WHAT TO DO:
In the records below, find the line holding "using same[OF subset_pick_step]" and the line holding "from this[THEN pick_step_insert_unpicked[OF". Set down both, with every line between them, exactly.

Records contained in a dataset
(* Let $S,T\subseteq\mathbb{Z}_{>0}$ be finite and $x\in T\triangleleft S$. If $T_{<x}\setminus(T\triangleleft S)$ is empty, then $(T\setminus\{x\})\triangleleft S=(T\triangleleft S)\setminus\{x\}$. Otherwise, $(T\setminus\{x\})\triangleleft S=((T\triangleleft S)\setminus\{x\})\cup\{x'\}$, where $x'=\max(T_{<x}\setminus(T\triangleleft S))$.
   Context: For a finite set $T\subseteq\mathbb{Z}_{>0}$, $T_{<x}=\{t\in T:t<x\}$. For finite $S,T\subseteq\mathbb{Z}_{>0}$, $T\triangleleft S$ is computed by going through the elements of $S$ from largest to smallest; each $s$ picks the largest element of $T$ that is less than $s$ and not yet picked (if one exists); $T\triangleleft S$ is the set of picked elements. *)

theory Defs
  imports Main
begin

definition pick_step :: "nat set \<Rightarrow> nat \<Rightarrow> nat set \<Rightarrow> nat set" where
  "pick_step T s P =
     (let C = {t \<in> T. t < s \<and> t \<notin> P} in if C = {} then P else insert (Max C) P)"

definition tri :: "nat set \<Rightarrow> nat set \<Rightarrow> nat set" (infixl "\<triangleleft>" 65) where
  "tri T S = fold (pick_step T) (rev (sorted_list_of_set S)) {}"

definition below :: "nat set \<Rightarrow> nat \<Rightarrow> nat set" where
  "below T x = {t \<in> T. t < x}"

end

theory Submission
  imports Defs
begin

text \<open>Run the picking process on T and on T - {x} with the same pickers. The runs agree
  until x is picked; from then on the (T - {x})-state is obtained from the T-state by letting
  one extra picker placed at x pick and then deleting x (the map unpick). Every further step
  preserves this correspondence, because any two picking steps commute. So the result for
  T - {x} is unpick of the result for T, which is the claimed formula.\<close>

definition candidates :: "nat set \<Rightarrow> nat \<Rightarrow> nat set \<Rightarrow> nat set" where
  "candidates T s P = {t \<in> T. t < s \<and> t \<notin> P}"

lemma pick_step_eq:
  "pick_step T s P =
     (if candidates T s P = {} then P else insert (Max (candidates T s P)) P)"
  unfolding pick_step_def candidates_def Let_def ..

lemma below_Diff_eq_candidates: "below T x - P = candidates T x P"
  unfolding below_def candidates_def by auto

lemma finite_candidates: "finite T \<Longrightarrow> finite (candidates T s P)"
  unfolding candidates_def by simp

lemma candidates_insert: "candidates T s (insert m P) = candidates T s P - {m}"
  unfolding candidates_def by auto

lemma candidates_antimono: "P \<subseteq> Q \<Longrightarrow> candidates T s Q \<subseteq> candidates T s P"
  unfolding candidates_def by auto

lemma candidates_Diff: "x \<in> P \<Longrightarrow> candidates (T - {x}) s (P - {x}) = candidates T s P"
  unfolding candidates_def by auto

lemma subset_pick_step: "P \<subseteq> pick_step T s P"
  by (auto simp: pick_step_eq)

lemma Max_candidates_less:
  assumes "finite T" and "candidates T s P \<noteq> {}"
  shows "Max (candidates T s P) < s"
proof -
  have "Max (candidates T s P) \<in> candidates T s P"
    using Max_in[OF finite_candidates[OF assms(1)] assms(2)] .
  then show ?thesis by (simp add: candidates_def)
qed

lemma candidates_insert_Max:
  assumes "finite T" and "candidates T s P \<noteq> {}"
  defines "m \<equiv> Max (candidates T s P)"
  shows "candidates T s (insert m P) = candidates T m P"
proof -
  have le: "t \<le> m" if "t \<in> candidates T s P" for t
    using that Max_ge[OF finite_candidates[OF assms(1)]] unfolding m_def by blast
  have "m < s"
    using Max_candidates_less[OF assms(1,2)] unfolding m_def .
  show ?thesis
  proof (intro equalityI subsetI)
    fix t assume "t \<in> candidates T s (insert m P)"
    then have "t \<in> candidates T s P" "t \<noteq> m" by (simp_all add: candidates_insert)
    then show "t \<in> candidates T m P"
      using le[of t] unfolding candidates_def by simp
  next
    fix t assume "t \<in> candidates T m P"
    with \<open>m < s\<close> show "t \<in> candidates T s (insert m P)"
      unfolding candidates_def by simp
  qed
qed

lemma pick_step_insert_Max:
  assumes "finite T" and "candidates T s P \<noteq> {}"
  defines "m \<equiv> Max (candidates T s P)"
  shows "pick_step T s (insert m P) = pick_step T m (insert m P)"
proof -
  have "m \<notin> candidates T m P" by (simp add: candidates_def)
  then have "candidates T s (insert m P) = candidates T m (insert m P)"
    using candidates_insert_Max[OF assms(1,2)] unfolding m_def[symmetric]
    by (simp add: candidates_insert)
  then show ?thesis by (simp add: pick_step_eq)
qed

lemma pick_step_insert_unpicked:
  assumes "finite T" and "x \<notin> pick_step T s P"
  shows "pick_step T s (insert x P) = insert x (pick_step T s P)"
proof (cases "candidates T s P = {}")
  case True
  then show ?thesis by (simp add: pick_step_eq candidates_insert)
next
  case False
  let ?C = "candidates T s P"
  have fin: "finite ?C" using finite_candidates[OF assms(1)] .
  have m: "Max ?C \<in> ?C - {x}"
    using Max_in[OF fin False] assms(2) False by (auto simp: pick_step_eq)
  have "Max (?C - {x}) = Max ?C"
    by (rule Max_eqI) (use fin m in auto)
  with m False show ?thesis
    by (auto simp: pick_step_eq candidates_insert)
qed

lemma pick_step_Diff:
  assumes "finite T" and "x \<in> P"
  shows "pick_step (T - {x}) s (P - {x}) = pick_step T s P - {x}"
proof -
  let ?C = "candidates T s P"
  have "x \<notin> ?C" using assms(2) by (simp add: candidates_def)
  then have "?C \<noteq> {} \<Longrightarrow> Max ?C \<noteq> x"
    using Max_in[OF finite_candidates[OF assms(1)]] by metis
  then show ?thesis
    using candidates_Diff[OF assms(2), of T s] by (auto simp: pick_step_eq)
qed

lemma pick_step_commute_le:
  assumes "finite T" and "a \<le> b"
  shows "pick_step T a (pick_step T b P) = pick_step T b (pick_step T a P)"
proof (cases "candidates T a P = {}")
  case True
  have "candidates T a (pick_step T b P) = {}"
    using True candidates_antimono[OF subset_pick_step] by blast
  then show ?thesis using True by (simp add: pick_step_eq)
next
  case False
  let ?ma = "Max (candidates T a P)" and ?mb = "Max (candidates T b P)"
  have sub: "candidates T a P \<subseteq> candidates T b P"
    using assms(2) unfolding candidates_def by auto
  have ma: "?ma \<in> candidates T b P" "?ma < a"
    using Max_in[OF finite_candidates[OF assms(1)] False] sub
      Max_candidates_less[OF assms(1) False] by auto
  then have Cb: "candidates T b P \<noteq> {}" by auto
  show ?thesis
  proof (cases "?mb < a")
    case True
    \<comment> \<open>all candidates of b lie below a, so a and b act alike from P onwards\<close>
    have same: "pick_step T a Q = pick_step T b Q" if "P \<subseteq> Q" for Q
    proof -
      have "t < a" if "t \<in> candidates T b Q" for t
        using that candidates_antimono[OF \<open>P \<subseteq> Q\<close>, of T b] True
          Max_ge[OF finite_candidates[OF assms(1)], of t b P] by auto
      then have "candidates T a Q = candidates T b Q"
        using assms(2) unfolding candidates_def by auto
      then show ?thesis by (simp add: pick_step_eq)
    qed
    show ?thesis
      using same[OF subset_pick_step] same[of P] subset_pick_step by simp
  next
    case False
    have pa: "pick_step T a P = insert ?ma P" and pb: "pick_step T b P = insert ?mb P"
      using \<open>candidates T a P \<noteq> {}\<close> Cb by (simp_all add: pick_step_eq)
    have "?mb \<notin> pick_step T a P" "?ma \<notin> pick_step T b P"
      using Max_in[OF finite_candidates[OF assms(1)] Cb] ma False
      unfolding pa pb candidates_def by auto
    from this[THEN pick_step_insert_unpicked[OF assms(1)]] show ?thesis
      unfolding pa pb by (simp add: insert_commute)
  qed
qed

lemma pick_step_commute:
  "finite T \<Longrightarrow> pick_step T a (pick_step T b P) = pick_step T b (pick_step T a P)"
  by (metis nle_le pick_step_commute_le)

definition unpick :: "nat set \<Rightarrow> nat \<Rightarrow> nat set \<Rightarrow> nat set" where
  "unpick T x P = (if x \<in> P then pick_step T x P - {x} else P)"

lemma pick_step_unpick:
  assumes "finite T"
  shows "pick_step (T - {x}) s (unpick T x P) = unpick T x (pick_step T s P)"
proof (cases "x \<in> P")
  case True
  have "x \<in> pick_step T x P" "x \<in> pick_step T s P"
    using True subset_pick_step by blast+
  then have "unpick T x (pick_step T s P) = pick_step T s (pick_step T x P) - {x}"
    unfolding unpick_def pick_step_commute[OF assms, of s x] by simp
  also have "\<dots> = pick_step (T - {x}) s (unpick T x P)"
    using pick_step_Diff[OF assms \<open>x \<in> pick_step T x P\<close>] True by (simp add: unpick_def)
  finally show ?thesis ..
next
  case False
  have lhs: "pick_step (T - {x}) s P = pick_step T s (insert x P) - {x}"
    using pick_step_Diff[OF assms, of x "insert x P" s] False by simp
  show ?thesis
  proof (cases "x \<in> pick_step T s P")
    case True
    have C: "candidates T s P \<noteq> {}"
    proof
      assume "candidates T s P = {}"
      then have "pick_step T s P = P" by (simp add: pick_step_eq)
      with True False show False by simp
    qed
    have x: "Max (candidates T s P) = x"
      using True False C by (simp add: pick_step_eq)
    have "pick_step T s (insert x P) = pick_step T x (insert x P)"
      using pick_step_insert_Max[OF assms C] unfolding x .
    moreover have "pick_step T s P = insert x P"
      using C x by (simp add: pick_step_eq)
    ultimately show ?thesis
      using False lhs by (simp add: unpick_def)
  next
    case False
    then show ?thesis
      using \<open>x \<notin> P\<close> lhs pick_step_insert_unpicked[OF assms False] by (simp add: unpick_def)
  qed
qed

lemma fold_pick_step_unpick:
  "finite T \<Longrightarrow>
    fold (pick_step (T - {x})) ss (unpick T x P) = unpick T x (fold (pick_step T) ss P)"
  by (induction ss arbitrary: P) (simp_all add: pick_step_unpick)

lemma tri_Diff_singleton: "finite T \<Longrightarrow> (T - {x}) \<triangleleft> S = unpick T x (T \<triangleleft> S)"
  unfolding tri_def using fold_pick_step_unpick[of T x _ "{}"] by (simp add: unpick_def)

theorem lemma4p5:
  fixes S T :: "nat set" and x :: nat
  assumes "finite S" and "finite T" and "0 \<notin> S" and "0 \<notin> T"
    and "x \<in> T \<triangleleft> S"
  shows "(below T x - (T \<triangleleft> S) = {} \<longrightarrow>
            (T - {x}) \<triangleleft> S = (T \<triangleleft> S) - {x}) \<and>
         (below T x - (T \<triangleleft> S) \<noteq> {} \<longrightarrow>
            (T - {x}) \<triangleleft> S = ((T \<triangleleft> S) - {x}) \<union> {Max (below T x - (T \<triangleleft> S))})"
proof -
  let ?P = "T \<triangleleft> S"
  let ?C = "candidates T x ?P"
  have tri: "(T - {x}) \<triangleleft> S = pick_step T x ?P - {x}"
    using tri_Diff_singleton[OF assms(2)] assms(5) by (simp add: unpick_def)
  show ?thesis
  proof (cases "?C = {}")
    case True
    then show ?thesis
      using tri by (simp add: below_Diff_eq_candidates pick_step_eq)
  next
    case False
    then have "Max ?C \<noteq> x"
      using Max_candidates_less[OF assms(2) False] by simp
    moreover have "pick_step T x ?P = insert (Max ?C) ?P"
      using False by (simp add: pick_step_eq)
    ultimately have "(T - {x}) \<triangleleft> S = (?P - {x}) \<union> {Max ?C}"
      unfolding tri by auto
    then show ?thesis
      using False by (simp add: below_Diff_eq_candidates)
  qed
qed

end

RESPONSE:
      using same[OF subset_pick_step] same[of P] subset_pick_step by simp
  next
    case False
    have pa: "pick_step T a P = insert ?ma P" and pb: "pick_step T b P = insert ?mb P"
      using \<open>candidates T a P \<noteq> {}\<close> Cb by (simp_all add: pick_step_eq)
    have "?mb \<notin> pick_step T a P" "?ma \<notin> pick_step T b P"
      using Max_in[OF finite_candidates[OF assms(1)] Cb] ma False
      unfolding pa pb candidates_def by auto
    from this[THEN pick_step_insert_unpicked[OF assms(1)]] show ?thesis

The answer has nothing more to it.